One major potential unintended consequence of pursuing too restrictive conflict of interest policies in health care is that they can disqualify the very experts needed to provide advice and consultation. Consider the fact that more than one in three positions on the Food and Drug Administration advisory panels are vacant ( 218 vacant out of approximately 600 positions) because of concerns about conflicts of interest.[11] This is the case even though a study evaluating the effects of conflict of interest on voting patterns in FDA advisory committees concluded that, “A weak relationship between certain types of conflicts and voting behaviors was detected, but excluding advisory committee members and voting consultants with conflicts would not have altered the overall vote outcome at any meeting studied.” [12]

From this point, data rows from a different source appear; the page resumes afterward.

(* $M(5,2,2)\le 7$.
   Context: All measures are probability measures on $\mathbb{R}^d$ absolutely continuous with respect to Lebesgue measure. A convex partition of $\mathbb{R}^d$ into $n$ parts is an ordered tuple $(K_1,\dots,K_n)$ of closed convex sets with union $\mathbb{R}^d$ and pairwise disjoint interiors (some parts may be empty). $M(n,r,d)$ is the largest integer $M$ such that for any $M$ measures $\mu_1,\dots,\mu_M$ on $\mathbb{R}^d$ there is a convex partition $(K_1,\dots,K_n)$ of $\mathbb{R}^d$ into $n$ parts and a map $\ell\colon[n]\to[r]$ with $\mu_j\big(\bigcup_{i\in\ell^{-1}(s)}K_i\big)=\tfrac1r$ for all $1\le j\le M$ and $1\le s\le r$. *)

theory Defs
  imports "HOL-Probability.Probability"
begin

definition ac_prob_measure :: "'a::euclidean_space measure \<Rightarrow> bool" where
  "ac_prob_measure \<mu> \<longleftrightarrow> sets \<mu> = sets borel \<and> prob_space \<mu> \<and> absolutely_continuous lborel \<mu>"

definition convex_partition :: "nat \<Rightarrow> (nat \<Rightarrow> 'a::euclidean_space set) \<Rightarrow> bool" where
  "convex_partition n K \<longleftrightarrow>
     (\<forall>i<n. closed (K i) \<and> convex (K i)) \<and> (\<Union>i<n. K i) = UNIV \<and>
     (\<forall>i<n. \<forall>j<n. i \<noteq> j \<longrightarrow> interior (K i) \<inter> interior (K j) = {})"

definition equipart_prop :: "nat \<Rightarrow> nat \<Rightarrow> 'a::euclidean_space itself \<Rightarrow> nat \<Rightarrow> bool" where
  "equipart_prop n r _ m \<longleftrightarrow>
     (\<forall>\<mu> :: nat \<Rightarrow> 'a measure. (\<forall>j<m. ac_prob_measure (\<mu> j)) \<longrightarrow>
        (\<exists>K lab. convex_partition n K \<and> (\<forall>i<n. lab i < r) \<and>
           (\<forall>j<m. \<forall>s<r. measure (\<mu> j) (\<Union>i\<in>{i. i < n \<and> lab i = s}. K i) = 1 / real r)))"

text \<open>M(n,r,d), the dimension d given by the type 'a.\<close>
definition M_val :: "nat \<Rightarrow> nat \<Rightarrow> 'a::euclidean_space itself \<Rightarrow> nat" where
  "M_val n r T = (GREATEST m. equipart_prop n r T m)"

end

theory Submission
  imports Defs
begin

text \<open>Take eight points in the plane such that for every 2-colouring of them some monochromatic
  triangle contains a further one of the points, robustly enough that the same holds for the
  small squares around the points; the measures are the uniform measures on these squares.
  In a convex partition into five parts with two classes, one class is the union of at most two
  convex parts. Each square meets that class, since the class has measure 1/2; choosing a point
  of each square in the class and colouring it by the part containing it gives a monochromatic
  triangle lying in one convex part, which then swallows a whole square and gives it measure 1.\<close>

lemma M_val_le_if_not_equipartitioned:
  fixes \<mu> :: "nat \<Rightarrow> 'a::euclidean_space measure"
  assumes "0 < n" "0 < r" and ac: "\<And>j. ac_prob_measure (\<mu> j)"
    and not_equipartitioned: "\<not> (\<exists>K lab. convex_partition n K \<and> (\<forall>i<n. lab i < r) \<and>
      (\<forall>j<Suc b. \<forall>s<r. measure (\<mu> j) (\<Union>i\<in>{i. i < n \<and> lab i = s}. K i) = 1 / real r))"
  shows "M_val n r TYPE('a) \<le> b"
proof -
  let ?P = "equipart_prop n r TYPE('a)"
  have bound: "m \<le> b" if "?P m" for m
  proof (rule ccontr)
    assume "\<not> m \<le> b"
    then have "Suc b \<le> m" by simp
    from spec[OF that[unfolded equipart_prop_def], of \<mu>] ac obtain K lab where
      "convex_partition n K" "\<forall>i<n. lab i < r" and equi:
      "\<forall>j<m. \<forall>s<r. measure (\<mu> j) (\<Union>i\<in>{i. i < n \<and> lab i = s}. K i) = 1 / real r"
      by blast
    moreover have "\<forall>j<Suc b. \<forall>s<r. measure (\<mu> j) (\<Union>i\<in>{i. i < n \<and> lab i = s}. K i) = 1 / real r"
      using equi \<open>Suc b \<le> m\<close> by simp
    ultimately show False
      using not_equipartitioned by blast
  qed
  have "convex_partition n (\<lambda>i. if i = 0 then UNIV else {})"
    using \<open>0 < n\<close> unfolding convex_partition_def by (auto intro!: bexI[of _ 0])
  then have "?P 0"
    using \<open>0 < r\<close> unfolding equipart_prop_def by (blast intro: exI[of _ "\<lambda>_. 0"])
  then show ?thesis
    unfolding M_val_def by (rule GreatestI_nat[OF _ bound, THEN bound])
qed

lemma ac_prob_measure_uniform_measure:
  assumes "S \<in> sets borel" "emeasure lborel S \<noteq> 0" "emeasure lborel S \<noteq> \<infinity>"
  shows "ac_prob_measure (uniform_measure lborel S)"
  unfolding ac_prob_measure_def
proof (intro conjI)
  show "prob_space (uniform_measure lborel S)"
    using assms(2,3) by (rule prob_space_uniform_measure)
  show "absolutely_continuous lborel (uniform_measure lborel S)"
    using assms(1) unfolding uniform_measure_def
    by (intro absolutely_continuousI_density borel_measurable_divide borel_measurable_indicator)
      simp_all
qed simp

definition square :: "real^'n \<Rightarrow> real \<Rightarrow> (real^'n) set" where
  "square c r = cbox (c - (\<chi> _. r)) (c + (\<chi> _. r))"

lemma mem_square: "x \<in> square c r \<longleftrightarrow> (\<forall>i. \<bar>x$i - c$i\<bar> \<le> r)"
  unfolding square_def mem_box_cart by (auto simp: abs_le_iff algebra_simps)

lemma square_sets_borel [measurable]: "square c r \<in> sets borel"
  unfolding square_def by (simp add: borel_closed)

lemma emeasure_square_nonzero: "0 < r \<Longrightarrow> emeasure lborel (square c r) \<noteq> 0"
  unfolding square_def emeasure_lborel_cbox_eq
  by (auto simp: Basis_vec_def inner_axis ennreal_eq_0_iff not_le intro!: prod_pos)

lemma emeasure_square_finite: "emeasure lborel (square c r) \<noteq> \<infinity>"
  using emeasure_lborel_cbox_finite by (simp add: square_def less_top)

lemma measure_uniform_square:
  assumes "0 < r" "U \<in> sets borel"
  shows "measure (uniform_measure lborel (square c r)) U
    = measure lborel (square c r \<inter> U) / measure lborel (square c r)"
  using assms(2)
  by (intro measure_uniform_measure emeasure_square_nonzero emeasure_square_finite assms(1)) simp

lemma measure_uniform_square_disjoint:
  "0 < r \<Longrightarrow> U \<in> sets borel \<Longrightarrow> square c r \<inter> U = {} \<Longrightarrow>
    measure (uniform_measure lborel (square c r)) U = 0"
  by (simp add: measure_uniform_square)

lemma measure_uniform_square_subset:
  assumes "0 < r" "U \<in> sets borel" "square c r \<subseteq> U"
  shows "measure (uniform_measure lborel (square c r)) U = 1"
proof -
  have "measure lborel (square c r) \<noteq> 0"
    unfolding measure_def enn2real_eq_0_iff
    using emeasure_square_nonzero[OF assms(1)] emeasure_square_finite by auto
  with assms show ?thesis
    by (simp add: measure_uniform_square Int_absorb2)
qed

lemma ac_prob_measure_uniform_square: "0 < r \<Longrightarrow> ac_prob_measure (uniform_measure lborel (square c r))"
  by (intro ac_prob_measure_uniform_measure square_sets_borel emeasure_square_nonzero
      emeasure_square_finite)

definition orient :: "real^2 \<Rightarrow> real^2 \<Rightarrow> real^2 \<Rightarrow> real" where
  "orient a b c = (b$1 - a$1) * (c$2 - a$2) - (b$2 - a$2) * (c$1 - a$1)"

lemma orient_swap: "orient a c b = - orient a b c"
  unfolding orient_def by (simp add: algebra_simps)

text \<open>The barycentric coordinates of \<open>q\<close> with respect to \<open>x, y, z\<close> are the three orientations
  with \<open>q\<close> in place of one vertex, divided by \<open>orient x y z\<close> (Cramer's rule).\<close>
lemma convex_hull_3_if_orient_nonneg:
  assumes D: "0 < orient x y z"
    and "0 \<le> orient q y z" "0 \<le> orient x q z" "0 \<le> orient x y q"
  shows "q \<in> convex hull {x, y, z}"
proof -
  define u v w where "u = orient q y z / orient x y z" and "v = orient x q z / orient x y z"
    and "w = orient x y q / orient x y z"
  have "orient q y z + orient x q z + orient x y q = orient x y z"
    unfolding orient_def by algebra
  then have sum: "u + v + w = 1"
    using D unfolding u_def v_def w_def by (simp add: add_divide_distrib[symmetric])
  have cramer: "orient q y z * x$k + orient x q z * y$k + orient x y q * z$k = orient x y z * q$k"
    for k
  proof -
    have "?thesis" if "k = 1" unfolding that orient_def by algebra
    moreover have "?thesis" if "k = 2" unfolding that orient_def by algebra
    ultimately show ?thesis using exhaust_2[of k] by blast
  qed
  have "(u *\<^sub>R x + v *\<^sub>R y + w *\<^sub>R z) $ k = q $ k" for k
    using cramer D unfolding u_def v_def w_def by (simp add: add_divide_distrib[symmetric])
  then have "q = u *\<^sub>R x + v *\<^sub>R y + w *\<^sub>R z"
    by (simp add: vec_eq_iff)
  moreover have "0 \<le> u" "0 \<le> v" "0 \<le> w"
    using assms unfolding u_def v_def w_def by simp_all
  ultimately show ?thesis
    unfolding convex_hull_3 using sum by blast
qed

lemma convex_hull_3_if_orient_nonpos:
  assumes "orient x y z < 0"
    and "orient q y z \<le> 0" "orient x q z \<le> 0" "orient x y q \<le> 0"
  shows "q \<in> convex hull {x, y, z}"
proof -
  have "q \<in> convex hull {x, z, y}"
    using assms orient_swap[of x y z] orient_swap[of q y z] orient_swap[of x q z]
      orient_swap[of x y q]
    by (intro convex_hull_3_if_orient_nonneg) simp_all
  then show ?thesis
    by (simp add: insert_commute)
qed

lemma abs_mult_sub_le:
  fixes a b a' b' :: real
  assumes "\<bar>a'\<bar> \<le> B" "\<bar>b'\<bar> \<le> B" "\<bar>a - a'\<bar> \<le> e" "\<bar>b - b'\<bar> \<le> e"
  shows "\<bar>a * b - a' * b'\<bar> \<le> 2 * B * e + e\<^sup>2"
proof -
  have "a * b - a' * b' = a' * (b - b') + (a - a') * b' + (a - a') * (b - b')"
    by (simp add: algebra_simps)
  also have "\<bar>\<dots>\<bar> \<le> \<bar>a'\<bar> * \<bar>b - b'\<bar> + \<bar>a - a'\<bar> * \<bar>b'\<bar> + \<bar>a - a'\<bar> * \<bar>b - b'\<bar>"
    unfolding abs_mult[symmetric]
    by (rule order_trans[OF abs_triangle_ineq add_right_mono[OF abs_triangle_ineq]])
  also have "\<dots> \<le> B * e + e * B + e * e"
    using assms by (intro add_mono mult_mono) auto
  finally show ?thesis
    by (simp add: power2_eq_square)
qed

lemma orient_perturb:
  assumes "\<forall>i. \<bar>x$i - a$i\<bar> \<le> e" "\<forall>i. \<bar>y$i - b$i\<bar> \<le> e" "\<forall>i. \<bar>z$i - c$i\<bar> \<le> e"
    and "\<forall>i. \<bar>b$i - a$i\<bar> \<le> B" "\<forall>i. \<bar>c$i - a$i\<bar> \<le> B"
  shows "\<bar>orient x y z - orient a b c\<bar> \<le> 8 * B * e + 8 * e\<^sup>2"
proof -
  have dy: "\<bar>(y$i - x$i) - (b$i - a$i)\<bar> \<le> 2 * e" and dz: "\<bar>(z$i - x$i) - (c$i - a$i)\<bar> \<le> 2 * e"
    for i using assms(1-3)[rule_format, of i] by arith+
  have "\<bar>(y$1 - x$1) * (z$2 - x$2) - (b$1 - a$1) * (c$2 - a$2)\<bar> \<le> 2 * B * (2 * e) + (2 * e)\<^sup>2"
    "\<bar>(y$2 - x$2) * (z$1 - x$1) - (b$2 - a$2) * (c$1 - a$1)\<bar> \<le> 2 * B * (2 * e) + (2 * e)\<^sup>2"
    using assms(4,5) dy dz by (intro abs_mult_sub_le; simp)+
  then show ?thesis
    unfolding orient_def power2_eq_square by arith
qed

How then can we respond to the legitimate concerns about bias and conflicts of interests? I suggest first we need to be creative and thoughtful about our approaches and have a healthy dose of skepticism when simplistic answers are proposed. This caution is brought home –in the recent commentary by Sunita Sah and colleagues – that even our mainstay of dealing with conflict of interest, the insistence on disclosure, has profound unintended and even perverse consequences.[13] We can also structure relationship and networks in ways that minimize conflicts of interest. Furthermore, we can take advantage of other behavioral research that indicates that our propensity to cheat is moderated by just-in-time reminders of moral and ethical standards (see reference 8). We can go beyond simple disclosure of conflict of interest and put in place better patient education programs that make clear what conflicts of interests are present in their circumstances and their possible consequences to patient care. Finally, we need system changes to assure that second opinions are truly independent.

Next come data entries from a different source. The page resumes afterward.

lemma schwartz_modul:
  assumes f: "f \<in> schwartz"
  shows "modul w f \<in> schwartz"
proof (rule schwartz_if_derivative_closed[of _ "modulated_derivatives w f"])
  have "(\<lambda>y. 1 * e2pi (w \<bullet> y) * iter_pderiv [] f y) \<in> modulated_derivatives w f"
    by (rule modulated_derivatives.scaled) simp
  then show "modul w f \<in> modulated_derivatives w f"
    by (simp add: modul_def e2pi_def)
qed (use f modulated_derivatives_differentiable modulated_derivatives_decay
      dirderiv_modulated_derivatives in blast)+

lemma schwartz_rho:
  assumes "f \<in> schwartz"
  shows "rho l f \<in> schwartz"
  using assms unfolding rho_def by (simp add: schwartz_transl schwartz_modul)

lemma rho_apply: "rho (x, w) F = (\<lambda>t. e2pi (w \<bullet> (t - (1/2) *\<^sub>R x)) * F (t - x))"
proof
  fix t :: 'a
  have half: "t - (1/2) *\<^sub>R x - (1/2) *\<^sub>R x = t - x"
    by (simp add: algebra_simps flip: scaleR_add_left)
  show "rho (x, w) F t = e2pi (w \<bullet> (t - (1/2) *\<^sub>R x)) * F (t - x)"
    unfolding rho_def transl_def modul_def e2pi_def o_def fst_conv snd_conv half ..
qed

definition rho_cocycle :: "'a::euclidean_space \<times> 'a \<Rightarrow> 'a \<times> 'a \<Rightarrow> complex" where
  "rho_cocycle l1 l2 = e2pi ((snd l1 \<bullet> fst l2 - snd l2 \<bullet> fst l1) / 2)"

lemma rho_cocycle_nonzero [simp]: "rho_cocycle l1 l2 \<noteq> 0"
  by (simp add: rho_cocycle_def)

lemma rho_cocycle_uminus [simp]: "rho_cocycle l (- l) = 1"
  by (simp add: rho_cocycle_def)

lemma rho_cocycle_uminus_left [simp]: "rho_cocycle (- l) l = 1"
  by (simp add: rho_cocycle_def)

lemma rho_compose: "rho l1 (rho l2 F) = (\<lambda>t. rho_cocycle l1 l2 * rho (l1 + l2) F t)"
proof -
  obtain x1 w1 x2 w2 where l: "l1 = (x1, w1)" "l2 = (x2, w2)"
    by (cases l1, cases l2)
  have "w1 \<bullet> (t - (1/2) *\<^sub>R x1) + w2 \<bullet> (t - x1 - (1/2) *\<^sub>R x2) =
      (w1 \<bullet> x2 - w2 \<bullet> x1) / 2 + (w1 + w2) \<bullet> (t - (1/2) *\<^sub>R (x1 + x2))" for t
    by (simp add: inner_diff_right inner_add_left inner_add_right inner_commute algebra_simps)
       (simp add: field_simps)
  then have "e2pi (w1 \<bullet> (t - (1/2) *\<^sub>R x1)) * e2pi (w2 \<bullet> (t - x1 - (1/2) *\<^sub>R x2)) =
      e2pi ((w1 \<bullet> x2 - w2 \<bullet> x1) / 2) * e2pi ((w1 + w2) \<bullet> (t - (1/2) *\<^sub>R (x1 + x2)))" for t
    by (simp only: e2pi_add[symmetric])
  then show ?thesis
    unfolding l by (simp add: rho_apply rho_cocycle_def diff_diff_eq mult.assoc[symmetric])
qed

lemma rho_zero: "rho 0 F = F"
  by (simp add: zero_prod_def rho_apply)

lemma rho_inverse: "rho l (rho (- l) F) = F"
  by (simp add: rho_compose rho_zero)

lemma temperedD:
  assumes "u \<in> tempered"
  shows tempered_outside: "f \<notin> schwartz \<Longrightarrow> u f = 0"
    and tempered_cmult: "f \<in> schwartz \<Longrightarrow> u (\<lambda>x. c * f x) = c * u f"
  using assms unfolding tempered_def by auto

lemma rho_dist_apply:
  "rho_dist l u f = (if f \<in> schwartz then u (rho (- fst l, snd l) f) else 0)"
  by (auto simp: rho_dist_def transl_dist_def modul_dist_def rho_def schwartz_transl schwartz_modul)

(* Transposition reverses the order of composition and flips the sign of the translation part;
   the two effects cancel in the cocycle. *)

lemma rho_dist_compose:
  assumes u: "u \<in> tempered"
  shows "rho_dist l1 (rho_dist l2 u) = (\<lambda>f. rho_cocycle l1 l2 * rho_dist (l1 + l2) u f)"
proof
  fix f :: "'a \<Rightarrow> complex"
  show "rho_dist l1 (rho_dist l2 u) f = rho_cocycle l1 l2 * rho_dist (l1 + l2) u f"
  proof (cases "f \<in> schwartz")
    case True
    have "rho_cocycle (- fst l2, snd l2) (- fst l1, snd l1) = rho_cocycle l1 l2"
      by (simp add: rho_cocycle_def algebra_simps)
    then show ?thesis
      using True tempered_cmult[OF u schwartz_rho[OF True]]
      by (simp add: rho_dist_apply schwartz_rho rho_compose add.commute)
  qed (simp add: rho_dist_apply)
qed

lemma rho_dist_cmult: "rho_dist l (\<lambda>f. c * u f) = (\<lambda>f. c * rho_dist l u f)"
  by (auto simp: rho_dist_apply fun_eq_iff)

lemma rho_dist_zero:
  assumes "u \<in> tempered"
  shows "rho_dist 0 u = u"
  using tempered_outside[OF assms]
  by (auto simp: rho_dist_apply fun_eq_iff rho_zero[unfolded zero_prod_def])

lemma covariance_factor_nonzero:
  assumes "F0 \<in> schwartz" "T F0 \<noteq> (\<lambda>f. 0)"
    and "\<forall>F\<in>schwartz. T (rho l F) = (\<lambda>f. c * rho_dist m (T F) f)"
  shows "c \<noteq> 0"
proof
  assume "c = 0"
  then have "T (rho l (rho (- l) F0)) = (\<lambda>f. 0)"
    using assms(1,3) schwartz_rho[OF assms(1)] by simp
  then show False
    using assms(2) by (simp add: rho_inverse)
qed

lemma rho_dist_additivity_defect:
  fixes T :: "('a::euclidean_space \<Rightarrow> complex) \<Rightarrow> (('a \<Rightarrow> complex) \<Rightarrow> complex)"
    and \<Phi> :: "'a \<times> 'a \<Rightarrow> 'a \<times> 'a"
  assumes maps: "\<forall>F\<in>schwartz. T F \<in> tempered"
    and lin_smult: "\<forall>F\<in>schwartz. \<forall>c. T (\<lambda>x. c * F x) = (\<lambda>f. c * T F f)"
    and nonzero: "\<exists>F\<in>schwartz. T F \<noteq> (\<lambda>f. 0)"
    and covar: "\<forall>l. \<exists>c::complex. \<forall>F\<in>schwartz. T (rho l F) = (\<lambda>f. c * rho_dist (\<Phi> l) (T F) f)"
  shows "\<exists>k. \<forall>F\<in>schwartz. rho_dist (\<Phi> (l1 + l2) - (\<Phi> l1 + \<Phi> l2)) (T F) = (\<lambda>f. k * T F f)"
proof -
  obtain F0 where F0: "F0 \<in> schwartz" "T F0 \<noteq> (\<lambda>f. 0)"
    using nonzero by blast
  obtain c1 c2 c3 where
    c1: "\<forall>F\<in>schwartz. T (rho l1 F) = (\<lambda>f. c1 * rho_dist (\<Phi> l1) (T F) f)" and
    c2: "\<forall>F\<in>schwartz. T (rho l2 F) = (\<lambda>f. c2 * rho_dist (\<Phi> l2) (T F) f)" and
    c3: "\<forall>F\<in>schwartz. T (rho (l1 + l2) F) = (\<lambda>f. c3 * rho_dist (\<Phi> (l1 + l2)) (T F) f)"
    using covar by metis
  define \<mu> where "\<mu> = \<Phi> (l1 + l2)"
  define \<nu> where "\<nu> = \<Phi> l1 + \<Phi> l2"
  define \<alpha> where "\<alpha> = rho_cocycle l1 l2 * c3 * rho_cocycle (- \<nu>) \<mu>"
  define \<beta> where "\<beta> = c1 * c2 * rho_cocycle (\<Phi> l1) (\<Phi> l2)"
  have \<beta>_nonzero: "\<beta> \<noteq> 0"
    using covariance_factor_nonzero[of F0 T, OF F0] c1 c2 by (simp add: \<beta>_def)
  have eigen: "\<alpha> * rho_dist (\<mu> - \<nu>) (T F) f = \<beta> * T F f" if F: "F \<in> schwartz" for F f
  proof -
    have u: "T F \<in> tempered"
      using maps F by blast
    have "T (rho l1 (rho l2 F)) = (\<lambda>f. c1 * rho_dist (\<Phi> l1) (T (rho l2 F)) f)"
      using c1 schwartz_rho[OF F] by blast
    also have "\<dots> = (\<lambda>f. \<beta> * rho_dist \<nu> (T F) f)"
      using c2 F by (simp add: rho_dist_cmult rho_dist_compose[OF u] \<beta>_def \<nu>_def mult.assoc)
    finally have "T (rho l1 (rho l2 F)) = (\<lambda>f. \<beta> * rho_dist \<nu> (T F) f)" .
    moreover have "T (rho l1 (rho l2 F)) = (\<lambda>f. rho_cocycle l1 l2 * c3 * rho_dist \<mu> (T F) f)"
      using lin_smult c3 F schwartz_rho[OF F, of "l1 + l2"] by (simp add: rho_compose \<mu>_def mult.assoc)
    ultimately have "rho_dist (- \<nu>) (\<lambda>f. rho_cocycle l1 l2 * c3 * rho_dist \<mu> (T F) f) =
        rho_dist (- \<nu>) (\<lambda>f. \<beta> * rho_dist \<nu> (T F) f)"
      by simp
    then have "(\<lambda>f. \<alpha> * rho_dist (\<mu> - \<nu>) (T F) f) = (\<lambda>f. \<beta> * T F f)"
      by (simp add: rho_dist_cmult rho_dist_compose[OF u] rho_dist_zero[OF u] \<alpha>_def mult.assoc)
    then show ?thesis
      by metis
  qed
  have "\<alpha> \<noteq> 0"
    using eigen[OF F0(1)] F0(2) \<beta>_nonzero by auto
  then have "\<forall>F\<in>schwartz. rho_dist (\<mu> - \<nu>) (T F) = (\<lambda>f. \<beta> / \<alpha> * T F f)"
    using eigen by (simp add: fun_eq_iff field_simps)
  then show ?thesis
    unfolding \<mu>_def \<nu>_def by blast
qed

inductive_set poly_fun :: "('a::euclidean_space \<Rightarrow> complex) set" where
  const: "(\<lambda>y. c) \<in> poly_fun"
| inner: "(\<lambda>y. of_real (v \<bullet> y)) \<in> poly_fun"
| add: "p \<in> poly_fun \<Longrightarrow> q \<in> poly_fun \<Longrightarrow> (\<lambda>y. p y + q y) \<in> poly_fun"
| mult: "p \<in> poly_fun \<Longrightarrow> q \<in> poly_fun \<Longrightarrow> (\<lambda>y. p y * q y) \<in> poly_fun"

lemma poly_fun_sum:
  assumes "finite I" "\<And>i. i \<in> I \<Longrightarrow> p i \<in> poly_fun"
  shows "(\<lambda>y. \<Sum>i\<in>I. p i y) \<in> poly_fun"
  using assms
  by (induction I rule: finite_induct) (auto intro: poly_fun.intros)

lemma poly_fun_power:
  assumes "p \<in> poly_fun"
  shows "(\<lambda>y. p y ^ n) \<in> poly_fun"
  by (induction n) (auto intro: poly_fun.intros assms)

lemma poly_fun_inner_self: "(\<lambda>y. of_real (y \<bullet> y)) \<in> poly_fun"
proof -
  have "(\<lambda>y. of_real (y \<bullet> y)) = (\<lambda>y::'a. \<Sum>b\<in>Basis. complex_of_real (b \<bullet> y) * of_real (b \<bullet> y))"
    by (simp add: euclidean_inner[of y y for y] inner_commute flip: of_real_mult)
  also have "\<dots> \<in> poly_fun"
    by (intro poly_fun_sum poly_fun.intros) auto
  finally show ?thesis .
qed

lemma poly_fun_has_derivative:
  assumes "p \<in> poly_fun"
  shows "\<exists>D. (\<forall>x. (p has_derivative D x) (at x)) \<and> (\<forall>v. (\<lambda>x. D x v) \<in> poly_fun)"
  using assms
proof induction
  case (const c)
  show ?case
    by (rule exI[of _ "\<lambda>x h. 0"]) (auto intro: poly_fun.const)
next
  case (inner v)
  have "((\<lambda>y. of_real (v \<bullet> y)) has_derivative (\<lambda>h. of_real (v \<bullet> h))) (at x)" for x :: 'a
    by (intro derivative_eq_intros) auto
  then show ?case
    by (intro exI[of _ "\<lambda>x h. of_real (v \<bullet> h)"]) (auto intro: poly_fun.const)
next
  case (add p q)
  then obtain Dp Dq where "\<forall>x. (p has_derivative Dp x) (at x)" "\<forall>v. (\<lambda>x. Dp x v) \<in> poly_fun"
    and "\<forall>x. (q has_derivative Dq x) (at x)" "\<forall>v. (\<lambda>x. Dq x v) \<in> poly_fun"
    by blast
  then show ?case
    by (intro exI[of _ "\<lambda>x h. Dp x h + Dq x h"]) (auto intro: has_derivative_add poly_fun.add)
next
  case (mult p q)
  then obtain Dp Dq where "\<forall>x. (p has_derivative Dp x) (at x)" "\<forall>v. (\<lambda>x. Dp x v) \<in> poly_fun"
    and "\<forall>x. (q has_derivative Dq x) (at x)" "\<forall>v. (\<lambda>x. Dq x v) \<in> poly_fun"
    by blast
  moreover have "(\<lambda>x. p x * Dq x v + Dp x v * q x) \<in> poly_fun" for v
    using mult.hyps \<open>\<forall>v. (\<lambda>x. Dp x v) \<in> poly_fun\<close> \<open>\<forall>v. (\<lambda>x. Dq x v) \<in> poly_fun\<close>
    by (simp add: poly_fun.add poly_fun.mult)
  ultimately show ?case
    by (intro exI[of _ "\<lambda>x h. p x * Dq x h + Dp x h * q x"]) (auto intro: has_derivative_mult)
qed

In our upcoming forum, “Health care Leadership: Navigating Ethics, Incentives and Conflicts of Interest,” we are asking questions such as: What unintended consequences follow from the transformation of patient/physician, patient/payer, physician/payer relationships into remunerative exchanges? In exchanges, increasingly laced with financial or reputational incentives, how is the primary character of the relationship changed? Are we inadvertently crowding out virtue, re-shaping “do what is right” into “do what is compensated?”
Let us know what you think about these complicated issues by adding your reflections in our Comments thread.
[1] ABIM Foundation. Medical professionalism in the new millennium: a physician charter. American Board of Internal Medicine Web site: http://www.abimfoundation.org/Professionalism/Physician Charter .aspx. Accessed October 1, 2012
[2] Campbell EG, Gruen RL, Mounford J et al. A national survey of physician-industry relationships. N Engl J Med 2007;356(17):1742-1750.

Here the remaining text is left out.